Однажды товарищ по дорожке подошёл после тренировки к столику в вестибюле, где сидела с чашечкой кофе Полина. Налил себе кофе из стоявшего рядом автомата, присел напротив – завязался лёгкий разговор о порядках в бассейне. Там, в воде, он не произвёл на неё впечатления: слегка костлявый, какой-то худосочный – даром, что длинный. Но сейчас, в разговоре, она наконец разглядела его. Влажные после душа волосы слиплись тонкими прядями и топорщились, особенно непослушной казалась короткая чёлочка, по-детски спадавшая на лоб. А карие глаза, прикрытые длинными ресницами, были устремлены куда-то в сторону, будто парень стеснялся смотреть на Полину. По виду совсем мальчишка, лет семнадцати! Когда позже он сказал, что ему двадцать, она не поверила: определённо прибавил годков! Поведение его было по-юношески эпатирующим. Почему-то не назвал своё имя, а важно объявил:

– Называй меня просто Поэт!

Эра соцсетей с присущей ей анонимностью и никами наступила чуть позже, но парень, опережая время, напускал на себя загадочность. Впрочем, для случайного знакомства в бассейне это было уместным – такая вот игра! Полина подыграла новому знакомому – опустив имя, представилась музой русского писателя Тургенева:

– Виардо!

Юный Поэт улыбнулся и продемонстрировал, что и он в теме:

– Ты любишь Тургенева?

– Очень! А ты, конечно, пишешь стихи, господин Поэт?

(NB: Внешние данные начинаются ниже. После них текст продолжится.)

(* The characteristic polynomial of a path Hamiltonian is the continuant of the linear polynomials
   x - Q_k on its diagonal; expanding the determinant along the last row gives the three-term
   recurrence (1). A continuant of a concatenation splits as
   K (xs @ ys) = K xs * K ys - K (butlast xs) * K (tl ys), and continuants are invariant under
   reversal; applied to the symmetric diagonal this gives the factorizations (2) and (3).
   For the eigenvectors, k \<mapsto> p_(k-1)(t) solves the eigenvalue equation on the half-infinite
   path with value 0 at the fictitious vertex 0. Gluing it to its reflection across the middle of
   the path, with sign s = \<plusminus>1, gives an eigenvector of the symmetric Hamiltonian exactly when
   the two pieces match at the centre, which is the vanishing of the corresponding factor. *)

theory Submission
  imports Defs
begin

(* Minus sign instead of Euler's plus sign, matching tridiagonal determinants with off-diagonal
   entries -1 (det_tridiag). *)
fun continuant :: "'a::comm_ring_1 list \<Rightarrow> 'a" where
  "continuant [] = 1"
| "continuant [a] = a"
| "continuant (a # b # xs) = a * continuant (b # xs) - continuant xs"

lemma continuant_append:
  assumes "xs \<noteq> []" and "ys \<noteq> []"
  shows "continuant (xs @ ys) = continuant xs * continuant ys - continuant (butlast xs) * continuant (tl ys)"
  using assms
proof (induction xs rule: continuant.induct)
  case (2 a)
  then show ?case by (cases ys rule: continuant.cases) auto
next
  case (3 a b xs)
  have IH: "continuant (b # xs @ ys) = continuant (b # xs) * continuant ys
      - continuant (butlast (b # xs)) * continuant (tl ys)"
    using "3.IH"(1) \<open>ys \<noteq> []\<close> by simp
  show ?case
  proof (cases "xs = []")
    case True
    then show ?thesis by (simp add: IH[unfolded True append_Nil] algebra_simps)
  next
    case False
    then show ?thesis by (simp add: IH "3.IH"(2)[OF False \<open>ys \<noteq> []\<close>] algebra_simps)
  qed
qed simp

lemma continuant_snoc:
  "xs \<noteq> [] \<Longrightarrow> continuant (xs @ [a]) = a * continuant xs - continuant (butlast xs)"
  using continuant_append[of xs "[a]"] by (simp add: mult.commute)

lemma continuant_rev: "continuant (rev xs) = continuant xs"
proof (induction xs rule: continuant.induct)
  case (3 a b xs)
  have "continuant (rev (a # b # xs)) = continuant ((rev xs @ [b]) @ [a])" by simp
  also have "\<dots> = continuant (rev (b # xs)) * a - continuant (rev xs)"
    by (subst continuant_append) (auto simp: butlast_append)
  finally show ?case using 3 by (simp add: algebra_simps)
qed simp_all

definition tridiag :: "'a::comm_ring_1 list \<Rightarrow> 'a mat" where
  "tridiag ds = mat (length ds) (length ds)
     (\<lambda>(i, j). if i = j then ds ! i else if i + 1 = j \<or> j + 1 = i then -1 else 0)"

lemma mat_delete_tridiag_snoc: "mat_delete (tridiag (ds @ [a])) (length ds) (length ds) = tridiag ds"
  by (rule eq_matI) (auto simp: tridiag_def mat_delete_def nth_append)

lemma det_tridiag_snoc2:
  "det (tridiag (ds @ [a, b])) = b * det (tridiag (ds @ [a])) - det (tridiag ds)"
proof -
  define k where "k = length ds"
  define M where "M = tridiag (ds @ [a, b])"
  have M: "M \<in> carrier_mat (Suc (Suc k)) (Suc (Suc k))" by (simp add: M_def k_def tridiag_def)
  have "det M = (\<Sum>j<Suc (Suc k). M $$ (Suc k, j) * cofactor M (Suc k) j)"
    by (rule laplace_expansion_row[OF M]) simp
  also have "\<dots> = M $$ (Suc k, Suc k) * cofactor M (Suc k) (Suc k)
      + M $$ (Suc k, k) * cofactor M (Suc k) k + (\<Sum>j<k. M $$ (Suc k, j) * cofactor M (Suc k) j)"
    by (simp add: algebra_simps)
  also have "(\<Sum>j<k. M $$ (Suc k, j) * cofactor M (Suc k) j) = 0"
    by (intro sum.neutral) (auto simp: M_def k_def tridiag_def)
  also have "M $$ (Suc k, Suc k) = b" by (simp add: M_def k_def tridiag_def nth_append)
  also have "M $$ (Suc k, k) = -1" by (simp add: M_def k_def tridiag_def)
  also have "cofactor M (Suc k) (Suc k) = det (tridiag (ds @ [a]))"
    using mat_delete_tridiag_snoc[of "ds @ [a]" b] by (simp add: cofactor_def M_def k_def)
  also have "cofactor M (Suc k) k = det (tridiag ds)"
  proof -
    define D where "D = mat_delete M (Suc k) k"
    have D: "D \<in> carrier_mat (Suc k) (Suc k)" unfolding D_def using mat_delete_carrier[OF M] by simp
    \<comment> \<open>the last column of \<open>D\<close> has a single nonzero entry, the super-diagonal \<open>-1\<close> of \<open>M\<close>\<close>
    have "det D = (\<Sum>i<Suc k. D $$ (i, k) * cofactor D i k)"
      by (rule laplace_expansion_column[OF D]) simp
    also have "\<dots> = D $$ (k, k) * cofactor D k k + (\<Sum>i<k. D $$ (i, k) * cofactor D i k)"
      by simp
    also have "(\<Sum>i<k. D $$ (i, k) * cofactor D i k) = 0"
      by (intro sum.neutral) (auto simp: D_def M_def k_def tridiag_def mat_delete_def)
    also have "D $$ (k, k) = -1" by (simp add: D_def M_def k_def tridiag_def mat_delete_def)
    finally have "det D = - cofactor D k k" by simp
    moreover have "mat_delete D k k = tridiag ds"
      by (rule eq_matI) (auto simp: D_def M_def k_def tridiag_def mat_delete_def nth_append)
    ultimately show ?thesis by (simp add: cofactor_def D_def)
  qed
  finally show ?thesis by (simp add: M_def)
qed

– Я не просто пишу стихи, я каждой клеточкой своего тела Поэт!

Все следующие вечера за чашечкой кофе товарищ по водной дорожке читал ей стихи известных поэтов, и Полина, чуть шевеля губами, неслышно повторяла знакомые с юности строки вместе с ним. Свои стихи читал редко, оправдываясь тем, что они у него ещё в работе. Также Поэт сказал, что, хотя работает сейчас, летом, на аттракционах в парке, собирается вскоре поступать в Литературный институт в Москве. Читая свои стихи, он закатывал глаза к потолку, так что тёмные зрачки прятались под ресницами. Казалось, вверх устремляется и его душа. Полине мальчишка нравился, но, общаясь с этим романтичным, как ей казалось, школьником, она испытывала лёгкую грусть, понимая, что её юность прошла. Однако Поэт, казалось, не замечал разницу в возрасте и всё заметнее оказывал Полине знаки внимания – наливал из автомата кофе, подвигал ей поудобнее стул, – несмотря на то что она почти сразу призналась, что дома её ждут муж и маленький ребёнок.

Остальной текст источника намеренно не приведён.